- [WORK TO BE COMPLETED]
Only the lines holding the word "shows" are wanted; copy each of them from the listing.

- [THE RECORDS]
=== Begin Enclosure ===
lemma lin_indep_vecs_insert:
  fixes v :: "'i \<Rightarrow> nat \<Rightarrow> 'a::field"
  assumes "finite I" "k \<notin> I" and indep: "lin_indep_vecs n I v"
    and annihilates: "\<forall>i\<in>I. (\<Sum>c<n. e c * v i c) = 0" and "(\<Sum>c<n. e c * u c) \<noteq> 0"
  shows "lin_indep_vecs n (insert k I) (v(k := u))"
  unfolding lin_indep_vecs_def
proof (intro allI impI)
  fix \<beta> assume rel: "\<forall>c<n. (\<Sum>i\<in>insert k I. \<beta> i * (v(k := u)) i c) = 0"
  have on_I: "(v(k := u)) i = v i" if "i \<in> I" for i using that assms(2) by auto
  have "0 = (\<Sum>c<n. e c * (\<Sum>i\<in>insert k I. \<beta> i * (v(k := u)) i c))"
    using rel by simp
  also have "\<dots> = (\<Sum>i\<in>insert k I. \<beta> i * (\<Sum>c<n. e c * (v(k := u)) i c))"
    by (rule functional_of_lincomb)
  also have "\<dots> = \<beta> k * (\<Sum>c<n. e c * u c)"
    using assms(1,2) annihilates by (simp add: on_I fun_upd_same del: fun_upd_apply cong: sum.cong)
  finally have "\<beta> k = 0" using assms(5) by simp
  with rel have "\<forall>c<n. (\<Sum>i\<in>I. \<beta> i * v i c) = 0"
    using assms(1,2) by (simp add: on_I fun_upd_same del: fun_upd_apply cong: sum.cong)
  then have "\<forall>i\<in>I. \<beta> i = 0"
    using indep unfolding lin_indep_vecs_def by blast
  with \<open>\<beta> k = 0\<close> show "\<forall>i\<in>insert k I. \<beta> i = 0" by simp
qed
(* Fix $n\in\mathbb{N}$ and consider unknown complex-valued functions $f_j$ $(0\le j\le n+1)$, $\psi_l,\varphi_l$ $(0\le l\le n)$, with the convention that $f_j,\psi_l,\varphi_l$ are zero for indices outside these ranges, and set (where $f_{n+1}\ne0$) $$a=\frac{\psi_n}{f_{n+1}},\quad b=-\frac{\varphi_n}{f_{n+1}},\quad c=2i\Big(\frac{\psi_nf_n}{f_{n+1}^2}-\frac{\psi_{n-1}}{f_{n+1}}\Big),\quad d=2i\Big(\frac{\varphi_nf_n}{f_{n+1}^2}-\frac{\varphi_{n-1}}{f_{n+1}}\Big).$$ Consider the autonomous system of ODEs in $t$ $$\dot f_j=d\psi_j-c\varphi_j+2ib\psi_{j-1}+2ia\varphi_{j-1}\ (0\le j\le n+1),$$ $$\dot\psi_l=-2cf_l+4iaf_{l-1}+2iab\psi_l-4i\psi_{l-2},\quad \dot\varphi_l=2df_l+4ibf_{l-1}-2iab\varphi_l+4i\varphi_{l-2}\ (0\le l\le n),$$ and the autonomous system of ODEs in $x$ $$f_j'=ib\psi_j+ia\varphi_j\ (0\le j\le n+1),\quad \psi_l'=2iaf_l-2i\psi_{l-1},\quad \varphi_l'=2ibf_l+2i\varphi_{l-1}\ (0\le l\le n).$$ Suppose the initial data (with $f_{n+1}\neq0$) satisfy the symmetry conditions $f_j=\overline{f_j}$ for all $j$ and $\varphi_l=-\overline{\psi_l}$ for all $l$. Then the system in $t$ has a solution defined for all $t\in\mathbb{R}$, and likewise the system in $x$ has a solution defined for all $x\in\mathbb{R}$; these solutions satisfy $f_j=\overline{f_j}$ and $\varphi_l=-\overline{\psi_l}$ for all $t$ (respectively all $x$). *)

theory Defs
  imports "HOL-Analysis.Analysis"
begin

text \<open>State variables are sequences indexed by nat.  f is used on indices 0..n+1,
  psi and phi on 0..n; all are read as zero outside these ranges, and negative
  indices (j-1, l-2) are read as zero via shiftz.\<close>

definition cutoff :: "nat \<Rightarrow> (nat \<Rightarrow> complex) \<Rightarrow> nat \<Rightarrow> complex" where
  "cutoff m g j = (if j \<le> m then g j else 0)"

definition shiftz :: "nat \<Rightarrow> (nat \<Rightarrow> complex) \<Rightarrow> nat \<Rightarrow> complex" where
  "shiftz k g j = (if k \<le> j then g (j - k) else 0)"

definition coef_a :: "nat \<Rightarrow> (nat \<Rightarrow> complex) \<Rightarrow> (nat \<Rightarrow> complex) \<Rightarrow> (nat \<Rightarrow> complex) \<Rightarrow> complex" where
  "coef_a n f psi phi = psi n / f (Suc n)"

definition coef_b :: "nat \<Rightarrow> (nat \<Rightarrow> complex) \<Rightarrow> (nat \<Rightarrow> complex) \<Rightarrow> (nat \<Rightarrow> complex) \<Rightarrow> complex" where
  "coef_b n f psi phi = - phi n / f (Suc n)"

definition coef_c :: "nat \<Rightarrow> (nat \<Rightarrow> complex) \<Rightarrow> (nat \<Rightarrow> complex) \<Rightarrow> (nat \<Rightarrow> complex) \<Rightarrow> complex" where
  "coef_c n f psi phi = 2 * \<i> * (psi n * f n / (f (Suc n))^2 - shiftz 1 psi n / f (Suc n))"

definition coef_d :: "nat \<Rightarrow> (nat \<Rightarrow> complex) \<Rightarrow> (nat \<Rightarrow> complex) \<Rightarrow> (nat \<Rightarrow> complex) \<Rightarrow> complex" where
  "coef_d n f psi phi = 2 * \<i> * (phi n * f n / (f (Suc n))^2 - shiftz 1 phi n / f (Suc n))"

definition t_rhs_f :: "nat \<Rightarrow> (nat \<Rightarrow> complex) \<Rightarrow> (nat \<Rightarrow> complex) \<Rightarrow> (nat \<Rightarrow> complex) \<Rightarrow> nat \<Rightarrow> complex" where
  "t_rhs_f n f psi phi j =
     (let a = coef_a n f psi phi; b = coef_b n f psi phi;
          c = coef_c n f psi phi; d = coef_d n f psi phi;
          P = cutoff n psi; Q = cutoff n phi
      in d * P j - c * Q j + 2 * \<i> * b * shiftz 1 P j + 2 * \<i> * a * shiftz 1 Q j)"

definition t_rhs_psi :: "nat \<Rightarrow> (nat \<Rightarrow> complex) \<Rightarrow> (nat \<Rightarrow> complex) \<Rightarrow> (nat \<Rightarrow> complex) \<Rightarrow> nat \<Rightarrow> complex" where
  "t_rhs_psi n f psi phi l =
     (let a = coef_a n f psi phi; b = coef_b n f psi phi;
          c = coef_c n f psi phi;
          F = cutoff (Suc n) f; P = cutoff n psi
      in - 2 * c * F l + 4 * \<i> * a * shiftz 1 F l + 2 * \<i> * a * b * P l - 4 * \<i> * shiftz 2 P l)"

definition t_rhs_phi :: "nat \<Rightarrow> (nat \<Rightarrow> complex) \<Rightarrow> (nat \<Rightarrow> complex) \<Rightarrow> (nat \<Rightarrow> complex) \<Rightarrow> nat \<Rightarrow> complex" where
  "t_rhs_phi n f psi phi l =
     (let a = coef_a n f psi phi; b = coef_b n f psi phi;
          d = coef_d n f psi phi;
          F = cutoff (Suc n) f; Q = cutoff n phi
      in 2 * d * F l + 4 * \<i> * b * shiftz 1 F l - 2 * \<i> * a * b * Q l + 4 * \<i> * shiftz 2 Q l)"

definition x_rhs_f :: "nat \<Rightarrow> (nat \<Rightarrow> complex) \<Rightarrow> (nat \<Rightarrow> complex) \<Rightarrow> (nat \<Rightarrow> complex) \<Rightarrow> nat \<Rightarrow> complex" where
  "x_rhs_f n f psi phi j =
     (let a = coef_a n f psi phi; b = coef_b n f psi phi;
          P = cutoff n psi; Q = cutoff n phi
      in \<i> * b * P j + \<i> * a * Q j)"

definition x_rhs_psi :: "nat \<Rightarrow> (nat \<Rightarrow> complex) \<Rightarrow> (nat \<Rightarrow> complex) \<Rightarrow> (nat \<Rightarrow> complex) \<Rightarrow> nat \<Rightarrow> complex" where
  "x_rhs_psi n f psi phi l =
     (let a = coef_a n f psi phi;
          F = cutoff (Suc n) f; P = cutoff n psi
      in 2 * \<i> * a * F l - 2 * \<i> * shiftz 1 P l)"

definition x_rhs_phi :: "nat \<Rightarrow> (nat \<Rightarrow> complex) \<Rightarrow> (nat \<Rightarrow> complex) \<Rightarrow> (nat \<Rightarrow> complex) \<Rightarrow> nat \<Rightarrow> complex" where
  "x_rhs_phi n f psi phi l =
     (let b = coef_b n f psi phi;
          F = cutoff (Suc n) f; Q = cutoff n phi
      in 2 * \<i> * b * F l + 2 * \<i> * shiftz 1 Q l)"

text \<open>A global solution on all of the real line with prescribed data at 0 for an
  autonomous system with right-hand sides (rf, rpsi, rphi); f_{n+1} must stay nonzero
  so that the coefficients are defined along the solution.\<close>

definition global_solution ::
  "nat \<Rightarrow> ((nat \<Rightarrow> complex) \<Rightarrow> (nat \<Rightarrow> complex) \<Rightarrow> (nat \<Rightarrow> complex) \<Rightarrow> nat \<Rightarrow> complex)
       \<Rightarrow> ((nat \<Rightarrow> complex) \<Rightarrow> (nat \<Rightarrow> complex) \<Rightarrow> (nat \<Rightarrow> complex) \<Rightarrow> nat \<Rightarrow> complex)
       \<Rightarrow> ((nat \<Rightarrow> complex) \<Rightarrow> (nat \<Rightarrow> complex) \<Rightarrow> (nat \<Rightarrow> complex) \<Rightarrow> nat \<Rightarrow> complex)
       \<Rightarrow> (nat \<Rightarrow> complex) \<Rightarrow> (nat \<Rightarrow> complex) \<Rightarrow> (nat \<Rightarrow> complex)
       \<Rightarrow> (real \<Rightarrow> nat \<Rightarrow> complex) \<Rightarrow> (real \<Rightarrow> nat \<Rightarrow> complex) \<Rightarrow> (real \<Rightarrow> nat \<Rightarrow> complex) \<Rightarrow> bool" where
  "global_solution n rf rpsi rphi f0 psi0 phi0 F P Q \<longleftrightarrow>
     (\<forall>j\<le>Suc n. F 0 j = f0 j) \<and> (\<forall>l\<le>n. P 0 l = psi0 l \<and> Q 0 l = phi0 l) \<and>
     (\<forall>t::real. F t (Suc n) \<noteq> 0) \<and>
     (\<forall>t::real. \<forall>j\<le>Suc n.
        ((\<lambda>s. F s j) has_vector_derivative rf (F t) (P t) (Q t) j) (at t)) \<and>
     (\<forall>t::real. \<forall>l\<le>n.
        ((\<lambda>s. P s l) has_vector_derivative rpsi (F t) (P t) (Q t) l) (at t) \<and>
        ((\<lambda>s. Q s l) has_vector_derivative rphi (F t) (P t) (Q t) l) (at t))"

end

(*
  Both systems preserve the symmetry (f_j real, phi_l = - cnj psi_l) and keep f_(n+1) constant, so it
  suffices to solve for the real f_0, ..., f_n and the complex psi_0, ..., psi_n.  Along solutions the
  polynomial

    H(X) = F(X)^2 - Psi(X) * Phi(X),   F(X) = sum f_j X^j,  Psi(X) = sum psi_l X^l,  Phi(X) = sum phi_l X^l,

  is conserved for every X, and for real X it equals F(X)^2 + |Psi(X)|^2.  Its values at
  X = 0, ..., n+1 therefore bound F and Psi at n+2 points and hence, by interpolation, all
  coefficients.  Consequently the flow of the vector field cut off outside a large ball, which
  exists for all times by Picard iteration, never reaches the region where the cutoff acts.
*)

theory Submission
  imports Defs "HOL-Probability.Discrete_Topology" "HOL-Computational_Algebra.Polynomial"
begin

section \<open>Global solutions of globally Lipschitz autonomous equations\<close>

lemma integral_power_from_0:
  assumes "0 \<le> t"
  shows "integral {0..t} (\<lambda>s::real. s ^ k) = t ^ Suc k / Suc k"
proof -
  have "((\<lambda>s::real. s ^ k) has_integral (t ^ Suc k / Suc k - 0 ^ Suc k / Suc k)) {0..t}"
  proof (rule fundamental_theorem_of_calculus[OF assms])
    fix s assume "s \<in> {0..t}"
    show "((\<lambda>s. s ^ Suc k / Suc k) has_vector_derivative s ^ k) (at s within {0..t})"
      unfolding has_real_derivative_iff_has_vector_derivative[symmetric]
      by (rule derivative_eq_intros refl | simp)+
  qed
  then show ?thesis by (simp add: integral_unique)
qed

primrec picard_iterate :: "('v::banach \<Rightarrow> 'v) \<Rightarrow> 'v \<Rightarrow> nat \<Rightarrow> real \<Rightarrow> 'v" where
  "picard_iterate G x\<^sub>0 0 t = x\<^sub>0"
| "picard_iterate G x\<^sub>0 (Suc k) t = x\<^sub>0 + integral {0..t} (\<lambda>s. G (picard_iterate G x\<^sub>0 k s))"

declare picard_iterate.simps(2) [simp del]

lemma continuous_on_integral_from_0:
  fixes g :: "real \<Rightarrow> 'v::banach"
  assumes "continuous_on {0..b} g"
  shows "continuous_on {0..b} (\<lambda>t. integral {0..t} g)"
proof -
  have "continuous (at t within {0..b}) (\<lambda>t. integral {0..t} g)" if "t \<in> {0..b}" for t
    using integral_has_vector_derivative[OF assms that] by (rule has_vector_derivative_continuous)
  then show ?thesis by (simp add: continuous_on_eq_continuous_within)
qed

lemma continuous_on_picard_iterate:
  assumes "continuous_on UNIV G"
  shows "continuous_on {0..b} (picard_iterate G x\<^sub>0 k)"
proof (induction k)
  case (Suc k)
  have "continuous_on {0..b} (\<lambda>s. G (picard_iterate G x\<^sub>0 k s))"
    using continuous_on_compose2[OF assms Suc.IH] by simp
  then show ?case
    unfolding picard_iterate.simps(2)[abs_def] by (intro continuous_intros continuous_on_integral_from_0)
qed simp

lemma continuous_on_field_picard_iterate:
  assumes "continuous_on UNIV G"
  shows "continuous_on {0..b} (\<lambda>s. G (picard_iterate G x\<^sub>0 k s))"
  using continuous_on_compose2[OF assms continuous_on_picard_iterate[OF assms]] by simp

lemmas picard_iterate_integrable = integrable_continuous_real[OF continuous_on_field_picard_iterate]

lemma picard_iterate_step_bound:
  fixes G :: "'v::banach \<Rightarrow> 'v"
  assumes lip: "L-lipschitz_on UNIV G" and "0 \<le> t"
  shows "norm (picard_iterate G x\<^sub>0 (Suc k) t - picard_iterate G x\<^sub>0 k t)
           \<le> norm (G x\<^sub>0) * L ^ k * t ^ Suc k / fact (Suc k)"
  using \<open>0 \<le> t\<close>
proof (induction k arbitrary: t)
  case 0
  then show ?case by (simp add: picard_iterate.simps(2))
next
  case (Suc k)
  have cont: "continuous_on UNIV G" using lipschitz_on_continuous_on[OF lip] .
  let ?C = "L * (norm (G x\<^sub>0) * L ^ k / fact (Suc k))"
  have "norm (picard_iterate G x\<^sub>0 (Suc (Suc k)) t - picard_iterate G x\<^sub>0 (Suc k) t)
      = norm (integral {0..t} (\<lambda>s. G (picard_iterate G x\<^sub>0 (Suc k) s) - G (picard_iterate G x\<^sub>0 k s)))"
    unfolding picard_iterate.simps(2)[of G x\<^sub>0 "Suc k" t] picard_iterate.simps(2)[of G x\<^sub>0 k t]
    by (simp add: integral_diff picard_iterate_integrable[OF cont])
  also have "\<dots> \<le> integral {0..t} (\<lambda>s. ?C * s ^ Suc k)"
  proof (rule integral_norm_bound_integral)
    fix s assume s: "s \<in> {0..t}"
    have "norm (G (picard_iterate G x\<^sub>0 (Suc k) s) - G (picard_iterate G x\<^sub>0 k s))
        \<le> L * norm (picard_iterate G x\<^sub>0 (Suc k) s - picard_iterate G x\<^sub>0 k s)"
      using lipschitz_on_normD[OF lip] by simp
    also have "\<dots> \<le> L * (norm (G x\<^sub>0) * L ^ k * s ^ Suc k / fact (Suc k))"
      using Suc.IH[of s] s lipschitz_on_nonneg[OF lip] by (intro mult_left_mono) auto
    also have "\<dots> = ?C * s ^ Suc k" by simp
    finally show "norm (G (picard_iterate G x\<^sub>0 (Suc k) s) - G (picard_iterate G x\<^sub>0 k s)) \<le> ?C * s ^ Suc k" .
  qed (auto intro!: integrable_diff picard_iterate_integrable[OF cont]
      continuous_on_field_picard_iterate[OF cont] integrable_continuous_real continuous_intros)
  also have "\<dots> = ?C * (t ^ Suc (Suc k) / Suc (Suc k))"
    unfolding integral_mult_right integral_power_from_0[OF Suc.prems] ..
  also have "\<dots> = norm (G x\<^sub>0) * L ^ Suc k * t ^ Suc (Suc k) / fact (Suc (Suc k))"
    by (simp add: field_simps)
  finally show ?case .
qed

lemma picard_iterate_uniform_limit:
  fixes G :: "'v::banach \<Rightarrow> 'v"
  assumes lip: "L-lipschitz_on UNIV G"
  obtains u where "\<And>b. 0 \<le> b \<Longrightarrow> uniform_limit {0..b} (picard_iterate G x\<^sub>0) u sequentially"
proof
  define d where "d i t = picard_iterate G x\<^sub>0 (Suc i) t - picard_iterate G x\<^sub>0 i t" for i t
  have telescope: "picard_iterate G x\<^sub>0 k t = x\<^sub>0 + (\<Sum>i<k. d i t)" for k t
    unfolding d_def using sum_lessThan_telescope[of "\<lambda>i. picard_iterate G x\<^sub>0 i t" k] by simp
  fix b :: real assume "0 \<le> b"
  define M where "M i = norm (G x\<^sub>0) * b * ((L * b) ^ i /\<^sub>R fact i)" for i
  have "uniform_limit {0..b} (\<lambda>k t. \<Sum>i<k. d i t) (\<lambda>t. \<Sum>i. d i t) sequentially"
  proof (rule Weierstrass_m_test)
    show "summable M" unfolding M_def by (intro summable_mult summable_exp_generic)
    fix i t assume t: "t \<in> {0..b}"
    have L: "0 \<le> L" using lipschitz_on_nonneg[OF lip] .
    have "norm (d i t) \<le> norm (G x\<^sub>0) * L ^ i * t ^ Suc i / fact (Suc i)"
      unfolding d_def using picard_iterate_step_bound[OF lip] t by simp
    also have "\<dots> \<le> norm (G x\<^sub>0) * L ^ i * b ^ Suc i / fact i"
      using t L by (intro frac_le mult_left_mono power_mono fact_mono) auto
    also have "\<dots> = M i" by (simp add: M_def power_mult_distrib field_simps)
    finally show "norm (d i t) \<le> M i" .
  qed
  then show "uniform_limit {0..b} (picard_iterate G x\<^sub>0) (\<lambda>t. x\<^sub>0 + (\<Sum>i. d i t)) sequentially"
    unfolding telescope by (intro uniform_limit_add uniform_limit_const)
qed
=== End Enclosure ===
- [REPLY TO THE TASK]
  shows "lin_indep_vecs n (insert k I) (v(k := u))"
  shows "integral {0..t} (\<lambda>s::real. s ^ k) = t ^ Suc k / Suc k"
  shows "continuous_on {0..b} (\<lambda>t. integral {0..t} g)"
  shows "continuous_on {0..b} (picard_iterate G x\<^sub>0 k)"
  shows "continuous_on {0..b} (\<lambda>s. G (picard_iterate G x\<^sub>0 k s))"
  shows "norm (picard_iterate G x\<^sub>0 (Suc k) t - picard_iterate G x\<^sub>0 k t)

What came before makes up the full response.